ASSIGNED TASK:
Repeat exactly, and only, the lines below starting at the line that contains "text \<open>A based" and ending at the line that contains "finite I \<and>", inclusive of both.

——————————

(* Let $(\mathbf C,I)$ be a finite-type based chain complex of real inner product spaces and let $M=\{\alpha\to\beta\}$ be a single $(n+1,n)$-pairing ($\alpha\in I_{n+1}$, $\beta\in I_n$, $\partial_{\beta,\alpha}$ an isomorphism). Then for all $i$, $$\dim\operatorname{Im}(\partial^M_i)^\dagger=\dim\operatorname{Im}\partial^M_i=\begin{cases}\dim\operatorname{Im}\partial_i-\dim C_\beta & i=n+1,\\ \dim\operatorname{Im}\partial_i & \text{otherwise,}\end{cases}$$ where $\partial^M$ is the boundary of the Morse complex $\mathbf C^M$ (with the restricted inner product).
   Context: Based chain complex: chain complex $(\mathbf C,\partial)$ of finite-dimensional real inner product spaces $\mathbf C_n$, $n\ge0$, with disjoint finite index sets $I_n$ and $\mathbf C_n=\bigoplus_{\sigma\in I_n}C_\sigma$; $\partial_{\tau,\sigma}=\pi_\tau\partial i_\sigma:C_\sigma\to C_\tau$. For the single pairing $M=\{\alpha\to\beta\}$, the Morse complex $\mathbf C^M$ has summands $C_\sigma$ for $\sigma\in I\setminus\{\alpha,\beta\}$ and boundary components $\partial^M_{\tau,\sigma}=\partial_{\tau,\sigma}-\partial_{\tau,\alpha}\partial_{\beta,\alpha}^{-1}\partial_{\beta,\sigma}$; it is chain homotopy equivalent to $\mathbf C$. $\dagger$ denotes adjoint. *)

theory Defs
  imports "HOL-Analysis.Analysis"
begin

text \<open>A based chain complex is modelled inside an ambient finite-dimensional real inner
product space 'v: cells \<sigma> \<in> I (finite), with degree deg \<sigma> (so I_n = {\<sigma>\<in>I. deg \<sigma> = n}),
summands Csp \<sigma> (pairwise orthogonal subspaces of 'v), C_n = span of the summands of degree n,
and boundary bd, a linear map of 'v whose behaviour on the complex is what matters.\<close>

definition orth_proj :: "'v::euclidean_space set \<Rightarrow> 'v \<Rightarrow> 'v" where
  "orth_proj S x = (THE y. y \<in> S \<and> (\<forall>z\<in>S. (x - y) \<bullet> z = 0))"

definition chain_space :: "('i \<Rightarrow> 'v::euclidean_space set) \<Rightarrow> 'i set \<Rightarrow> 'v set" where
  "chain_space Csp J = span (\<Union>\<sigma>\<in>J. Csp \<sigma>)"

definition Cn :: "'i set \<Rightarrow> ('i \<Rightarrow> nat) \<Rightarrow> ('i \<Rightarrow> 'v::euclidean_space set) \<Rightarrow> nat \<Rightarrow> 'v set" where
  "Cn I deg Csp k = chain_space Csp {\<sigma>\<in>I. deg \<sigma> = k}"

definition based_chain_complex ::
  "'i set \<Rightarrow> ('i \<Rightarrow> nat) \<Rightarrow> ('i \<Rightarrow> 'v::euclidean_space set) \<Rightarrow> ('v \<Rightarrow> 'v) \<Rightarrow> bool" where
  "based_chain_complex I deg Csp bd \<longleftrightarrow>
     finite I \<and>
     (\<forall>\<sigma>\<in>I. subspace (Csp \<sigma>)) \<and>
     (\<forall>\<sigma>\<in>I. \<forall>\<tau>\<in>I. \<sigma> \<noteq> \<tau> \<longrightarrow> (\<forall>x\<in>Csp \<sigma>. \<forall>y\<in>Csp \<tau>. x \<bullet> y = 0)) \<and>
     linear bd \<and>
     (\<forall>\<sigma>\<in>I. \<forall>x\<in>Csp \<sigma>. bd x \<in> (if deg \<sigma> = 0 then {0} else Cn I deg Csp (deg \<sigma> - 1))) \<and>
     (\<forall>x\<in>chain_space Csp I. bd (bd x) = 0)"

definition bd_comp :: "('i \<Rightarrow> 'v::euclidean_space set) \<Rightarrow> ('v \<Rightarrow> 'v) \<Rightarrow> 'i \<Rightarrow> 'v \<Rightarrow> 'v" where
  "bd_comp Csp bd \<tau> x = orth_proj (Csp \<tau>) (bd x)"

definition single_pairing ::
  "'i set \<Rightarrow> ('i \<Rightarrow> nat) \<Rightarrow> ('i \<Rightarrow> 'v::euclidean_space set) \<Rightarrow> ('v \<Rightarrow> 'v) \<Rightarrow> nat \<Rightarrow> 'i \<Rightarrow> 'i \<Rightarrow> bool" where
  "single_pairing I deg Csp bd n \<alpha> \<beta> \<longleftrightarrow>
     \<alpha> \<in> I \<and> \<beta> \<in> I \<and> deg \<alpha> = n + 1 \<and> deg \<beta> = n \<and>
     bij_betw (bd_comp Csp bd \<beta>) (Csp \<alpha>) (Csp \<beta>)"

text \<open>Morse complex summands C^M_k and boundary
  \<partial>^M_{\<tau>,\<sigma>} = \<partial>_{\<tau>,\<sigma>} - \<partial>_{\<tau>,\<alpha>} \<partial>_{\<beta>,\<alpha>}^{-1} \<partial>_{\<beta>,\<sigma>}, assembled over \<tau> \<notin> {\<alpha>,\<beta>}.\<close>
definition CM :: "'i set \<Rightarrow> ('i \<Rightarrow> nat) \<Rightarrow> ('i \<Rightarrow> 'v::euclidean_space set) \<Rightarrow> 'i \<Rightarrow> 'i \<Rightarrow> nat \<Rightarrow> 'v set" where
  "CM I deg Csp \<alpha> \<beta> k = chain_space Csp {\<sigma>\<in>I - {\<alpha>, \<beta>}. deg \<sigma> = k}"

definition morse_bd :: "'i set \<Rightarrow> ('i \<Rightarrow> 'v::euclidean_space set) \<Rightarrow> ('v \<Rightarrow> 'v) \<Rightarrow> 'i \<Rightarrow> 'i \<Rightarrow> 'v \<Rightarrow> 'v" where
  "morse_bd I Csp bd \<alpha> \<beta> x =
     orth_proj (chain_space Csp (I - {\<alpha>, \<beta>}))
       (bd x - bd (inv_into (Csp \<alpha>) (bd_comp Csp bd \<beta>) (bd_comp Csp bd \<beta> x)))"

definition CM_tgt :: "'i set \<Rightarrow> ('i \<Rightarrow> nat) \<Rightarrow> ('i \<Rightarrow> 'v::euclidean_space set) \<Rightarrow> 'i \<Rightarrow> 'i \<Rightarrow> nat \<Rightarrow> 'v set" where
  "CM_tgt I deg Csp \<alpha> \<beta> i = (if i = 0 then {0} else CM I deg Csp \<alpha> \<beta> (i - 1))"

definition restr_adjoint :: "'v::euclidean_space set \<Rightarrow> ('v \<Rightarrow> 'v) \<Rightarrow> 'v \<Rightarrow> 'v" where
  "restr_adjoint V T y = (THE u. u \<in> V \<and> (\<forall>x\<in>V. T x \<bullet> y = x \<bullet> u))"

end

theory Submission
  imports Defs
begin

text \<open>
  Outside degrees n + 1 and n + 2 the Morse boundary is just bd, and in degree n the removed
  summand Csp \<beta> contributes no new boundaries, since every chain on \<beta> is homologous to a
  chain on the remaining cells. In degree n + 2 the Morse boundary is bd followed by the
  orthogonal projection onto the remaining cells; it is injective on boundaries, because a
  cycle a supported on \<alpha> has bd_comp Csp bd \<beta> a = 0 and hence vanishes. In degree n + 1 the
  image of the Morse boundary is the kernel of the projection of the image of bd onto
  Csp \<beta>; this projection is onto, so rank-nullity accounts for the loss of dim (Csp \<beta>).
  Finally, a map between subspaces and its adjoint have the same rank, because the kernel of
  the adjoint is the orthogonal complement of the image.
\<close>

section \<open>Orthogonal projections and adjoints on subspaces\<close>

lemma orth_proj_unique:
  fixes S :: "'v::euclidean_space set"
  assumes "subspace S" "y \<in> S" "\<forall>z\<in>S. (x - y) \<bullet> z = 0"
  shows "orth_proj S x = y"
  unfolding orth_proj_def
proof (rule the_equality)
  fix y' assume y': "y' \<in> S \<and> (\<forall>z\<in>S. (x - y') \<bullet> z = 0)"
  have "y' - y \<in> S" using assms y' subspace_diff by blast
  then have "(y' - y) \<bullet> (y' - y) = (x - y) \<bullet> (y' - y) - (x - y') \<bullet> (y' - y)"
    by (simp add: inner_diff_left)
  also have "\<dots> = 0" using assms y' \<open>y' - y \<in> S\<close> by simp
  finally show "y' = y" by simp
qed (use assms in simp)

lemma orth_proj_works:
  fixes S :: "'v::euclidean_space set"
  assumes "subspace S"
  shows "orth_proj S x \<in> S" and "\<forall>z\<in>S. (x - orth_proj S x) \<bullet> z = 0"
proof -
  obtain y z where "y \<in> span S" "\<And>w. w \<in> span S \<Longrightarrow> orthogonal z w" "x = y + z"
    using orthogonal_subspace_decomp_exists by blast
  moreover have "span S = S" using assms by simp
  ultimately have "y \<in> S" "\<forall>w\<in>S. (x - y) \<bullet> w = 0"
    by (auto simp: orthogonal_def)
  with orth_proj_unique[OF assms] show "orth_proj S x \<in> S" "\<forall>z\<in>S. (x - orth_proj S x) \<bullet> z = 0"
    by auto
qed

lemma orth_proj_add_orthogonal:
  fixes S :: "'v::euclidean_space set"
  assumes "subspace S" "y \<in> S" "\<forall>z\<in>S. w \<bullet> z = 0"
  shows "orth_proj S (y + w) = y"
  using assms by (intro orth_proj_unique) auto

lemma orth_proj_id:
  fixes S :: "'v::euclidean_space set"
  assumes "subspace S" "y \<in> S"
  shows "orth_proj S y = y"
  using orth_proj_add_orthogonal[OF assms, of 0] by simp

lemma linear_orth_proj:
  fixes S :: "'v::euclidean_space set"
  assumes "subspace S"
  shows "linear (orth_proj S)"
proof
  fix x y :: 'v and c :: real
  note proj = orth_proj_works[OF assms]
  show "orth_proj S (x + y) = orth_proj S x + orth_proj S y"
    using proj[of x] proj[of y] assms
    by (intro orth_proj_unique) (auto simp: subspace_add inner_diff_left algebra_simps)
  show "orth_proj S (c *\<^sub>R x) = c *\<^sub>R orth_proj S x"
    using proj[of x] assms
    by (intro orth_proj_unique) (auto simp: subspace_scale inner_diff_left algebra_simps)
qed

——————————

PROBLEM SOLUTION:
text \<open>A based chain complex is modelled inside an ambient finite-dimensional real inner
product space 'v: cells \<sigma> \<in> I (finite), with degree deg \<sigma> (so I_n = {\<sigma>\<in>I. deg \<sigma> = n}),
summands Csp \<sigma> (pairwise orthogonal subspaces of 'v), C_n = span of the summands of degree n,
and boundary bd, a linear map of 'v whose behaviour on the complex is what matters.\<close>

definition orth_proj :: "'v::euclidean_space set \<Rightarrow> 'v \<Rightarrow> 'v" where
  "orth_proj S x = (THE y. y \<in> S \<and> (\<forall>z\<in>S. (x - y) \<bullet> z = 0))"

definition chain_space :: "('i \<Rightarrow> 'v::euclidean_space set) \<Rightarrow> 'i set \<Rightarrow> 'v set" where
  "chain_space Csp J = span (\<Union>\<sigma>\<in>J. Csp \<sigma>)"

definition Cn :: "'i set \<Rightarrow> ('i \<Rightarrow> nat) \<Rightarrow> ('i \<Rightarrow> 'v::euclidean_space set) \<Rightarrow> nat \<Rightarrow> 'v set" where
  "Cn I deg Csp k = chain_space Csp {\<sigma>\<in>I. deg \<sigma> = k}"

definition based_chain_complex ::
  "'i set \<Rightarrow> ('i \<Rightarrow> nat) \<Rightarrow> ('i \<Rightarrow> 'v::euclidean_space set) \<Rightarrow> ('v \<Rightarrow> 'v) \<Rightarrow> bool" where
  "based_chain_complex I deg Csp bd \<longleftrightarrow>
     finite I \<and>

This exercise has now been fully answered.